There may also be other reasons. Design reasons like, say if the GTS 450 is a design "stop off", a design milestone through to some bigger design (as is commonly used in industry), in which case it may countain spurious circuit elements that are also disabled -- a lot of this is confidential information that we will NEVER really hear about. I am always wary of jumping to conclusions about someone else's design -- and often find it absolutely hilarious when people (esp a lot of these 'tech sites' do jump to such wild estimates and purport to think they can tell the industry players like NVIDIA and AMD what they should be doing with their chips (it makes for sensational journalese but is very poor form for an engineer or researcher). This is what, I think, is called hubris.
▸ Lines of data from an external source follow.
lemma matrix_inv_eqI:
  fixes A B :: "'a::comm_ring_1^'n^'n"
  assumes "A ** B = mat 1" "B ** A = mat 1"
  shows "matrix_inv A = B"
proof -
  define C where "C = matrix_inv A"
  have "\<exists>A'. A ** A' = mat 1 \<and> A' ** A = mat 1"
    using assms by blast
  then have C: "C ** A = mat 1"
    using someI_ex unfolding C_def matrix_inv_def by (metis (mono_tags, lifting))
  have "C = C ** (A ** B)" by (simp add: assms)
  also have "\<dots> = B" by (simp add: matrix_mul_assoc C)
  finally show ?thesis unfolding C_def .
qed

lemma matrix_inv_mat2:
  assumes "a*d - b*c = 1"
  shows "matrix_inv (mat2 a b c d) = mat2 d (-b) (-c) a"
  using assms
  by (intro matrix_inv_eqI) (simp_all add: mat2_mult mat_1_eq_mat2 mat2_eq_iff algebra_simps)

lemma dist_mat2_le:
  "dist (mat2 a b c d) (mat2 a' b' c' d') \<le> cmod (a - a') + cmod (b - b') + cmod (c - c') + cmod (d - d')"
proof -
  have norm_vec2: "norm x \<le> norm (x$1) + norm (x$2)" for x :: "'b::real_normed_vector^2"
    unfolding norm_vec_def by (rule order_trans[OF L2_set_le_sum]) (auto simp: sum_2)
  let ?E = "mat2 a b c d - mat2 a' b' c' d'"
  have "dist (mat2 a b c d) (mat2 a' b' c' d') \<le> norm (?E$1) + norm (?E$2)"
    unfolding dist_norm by (rule norm_vec2)
  also have "\<dots> \<le> (cmod (a - a') + cmod (b - b')) + (cmod (c - c') + cmod (d - d'))"
    by (rule add_mono; rule order_trans[OF norm_vec2]; simp)
  finally show ?thesis by simp
qed

lemma discrete_group_no_geometric_approach:
  assumes "discrete_group G" "P \<in> G" "\<And>n. S n \<in> G" "\<And>n. S n \<noteq> P"
    and "\<And>n. dist (S n) P \<le> K * r^n" "r < 1"
  shows False
proof -
  obtain e where "e > 0" and isolated: "\<And>B. B \<in> G \<Longrightarrow> dist B P < e \<Longrightarrow> B = P"
    using assms(1,2) unfolding discrete_group_def by blast
  obtain n where "K * r^n < e"
  proof (cases "K \<le> 0")
    case True
    then show ?thesis using that[of 0] \<open>e > 0\<close> by simp
  next
    case False
    then obtain n where "r^n < e/K"
      using real_arch_pow_inv[of "e/K" r] \<open>e > 0\<close> \<open>r < 1\<close> by auto
    then show ?thesis using that[of n] False by (simp add: field_simps)
  qed
  then show False
    using isolated[OF assms(3)] assms(4,5)[of n] by fastforce
qed

definition diag2 :: "complex \<Rightarrow> cmat2" where
  "diag2 p = mat2 p 0 0 (inverse p)"

lemma diag2_power_in_gen_subgroup:
  assumes "diag2 p \<in> gen_subgroup S"
  shows "diag2 (p^n) \<in> gen_subgroup S"
proof (induction n)
  case 0
  then show ?case by (simp add: diag2_def mat_1_eq_mat2[symmetric] gen_one)
next
  case (Suc n)
  have "diag2 (p^Suc n) = diag2 (p^n) ** diag2 p"
    by (simp add: diag2_def mat2_mult mult.commute)
  then show ?case using gen_mult[OF Suc assms] by simp
qed

lemma matrix_inv_diag2: "p \<noteq> 0 \<Longrightarrow> matrix_inv (diag2 p) = diag2 (inverse p)"
  by (simp add: diag2_def matrix_inv_mat2)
Pickup a microelectronics design book and you will find none of that attitude there.) Indeed chip design is a very complex affair -- I can tell you that microelectronic circuits are the most complex man made objects in the universe. In the first nanoelectronics class I ever took (which was a rather specialised affair back in 2005) we the professor told us about how the chips back in the early days used to be designed on the floor of aircraft hangers because it was the only indoor space large enough to lay out a chip. He then paused and added, "And chips back then were a billion times less complex. now you couldn't hope to do it if you had entire city as your design floor.)
Anyway, the point of that was to say that it would be best to compare top end GPUs and decide if there is a difference in transistor count vs chip size because lower end or midrange chip sizes are definitely not going to be representative due to various complexities. If you still find a discrepancy then I'll grant you that NVIDIA's design is making less efficient use of chip space.